WHAT YOU ARE ASKED TO DO:
Please report, as a bare number, how many lines below include the string "show".

RECORD EXCERPTS:

subsection \<open>Lifts of circle maps and their derivatives\<close>

lemma norm_circ_proj [simp]: "cmod (circ_proj t) = 1"
  by (simp add: circ_proj_def)

lemma continuous_on_circ_proj: "continuous_on S circ_proj"
  unfolding circ_proj_def cis_conv_exp by (intro continuous_intros)

lemma circ_proj_eq_iff: "circ_proj x = circ_proj y \<longleftrightarrow> (\<exists>k::int. x = y + k)"
proof
  assume "circ_proj x = circ_proj y"
  moreover have "cis (2 * pi * (x - y)) = circ_proj x / circ_proj y"
    by (simp add: circ_proj_def cis_divide right_diff_distrib)
  moreover have "circ_proj y \<noteq> 0" by (simp add: circ_proj_def)
  ultimately have "exp (\<i> * complex_of_real (2 * pi * (x - y))) = 1"
    by (simp add: cis_conv_exp)
  then obtain k :: int where "2 * pi * (x - y) = of_int (2 * k) * pi"
    by (auto simp: exp_eq_1)
  then have "pi * (2 * (x - y)) = pi * (2 * k)" by (simp add: mult_ac)
  then show "\<exists>k::int. x = y + k" by (intro exI[of _ k]) simp
next
  assume "\<exists>k::int. x = y + k"
  then obtain k :: int where "x = y + k" by blast
  then show "circ_proj x = circ_proj y"
    by (simp add: circ_proj_def distrib_left cis_mult[symmetric])
qed

lemma circ_proj_add_int [simp]: "circ_proj (x + of_int k) = circ_proj x"
  unfolding circ_proj_eq_iff by (intro exI[of _ k]) simp

lemma circ_proj_add_1 [simp]: "circ_proj (x + 1) = circ_proj x"
  using circ_proj_add_int[of x 1] by simp

lemma circ_proj_in_window:
  assumes "cmod w = 1"
  obtains t where "circ_proj t = w" "a \<le> t" "t < a + 1"
proof -
  define t0 where "t0 = Arg w / (2 * pi)"
  have "w \<noteq> 0" using assms by auto
  then have "circ_proj t0 = w"
    using cis_Arg[of w] assms by (simp add: circ_proj_def t0_def sgn_div_norm)
  moreover have "circ_proj (t0 - of_int \<lfloor>t0 - a\<rfloor>) = circ_proj t0"
    using circ_proj_add_int[of t0 "- \<lfloor>t0 - a\<rfloor>"] by simp
  moreover have "a \<le> t0 - of_int \<lfloor>t0 - a\<rfloor>" "t0 - of_int \<lfloor>t0 - a\<rfloor> < a + 1"
    by linarith+
  ultimately show ?thesis using that by simp
qed

lemma lifts_differ_by_int:
  fixes G G' :: "real \<Rightarrow> real"
  assumes "continuous_on UNIV G" "continuous_on UNIV G'" "\<And>t. circ_proj (G' t) = circ_proj (G t)"
  obtains k :: int where "\<And>t. G' t = G t + k"
proof -
  define d where "d t = G' t - G t" for t
  have d_int: "d t \<in> \<int>" for t
  proof -
    obtain k :: int where "G' t = G t + k" using assms(3)[of t] circ_proj_eq_iff by blast
    then show ?thesis by (simp add: d_def)
  qed
  have discrete: "1 \<le> norm (d y - d x)" if "d y \<noteq> d x" for x y
    using Ints_nonzero_abs_ge1[OF Ints_diff[OF d_int d_int]] that by simp
  have "continuous_on UNIV d" unfolding d_def using assms(1,2) by (intro continuous_intros)
  then have "d constant_on UNIV"
    using discrete by (intro continuous_discrete_range_constant[OF connected_UNIV]) (auto intro!: exI[of _ 1])
  then have "d t = d 0" for t by (auto simp: constant_on_def)
  moreover obtain k :: int where "d 0 = k" using d_int[of 0] by (auto elim: Ints_cases)
  ultimately show ?thesis using that[of k] unfolding d_def by (simp add: algebra_simps)
qed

RESPONSE BOX:
5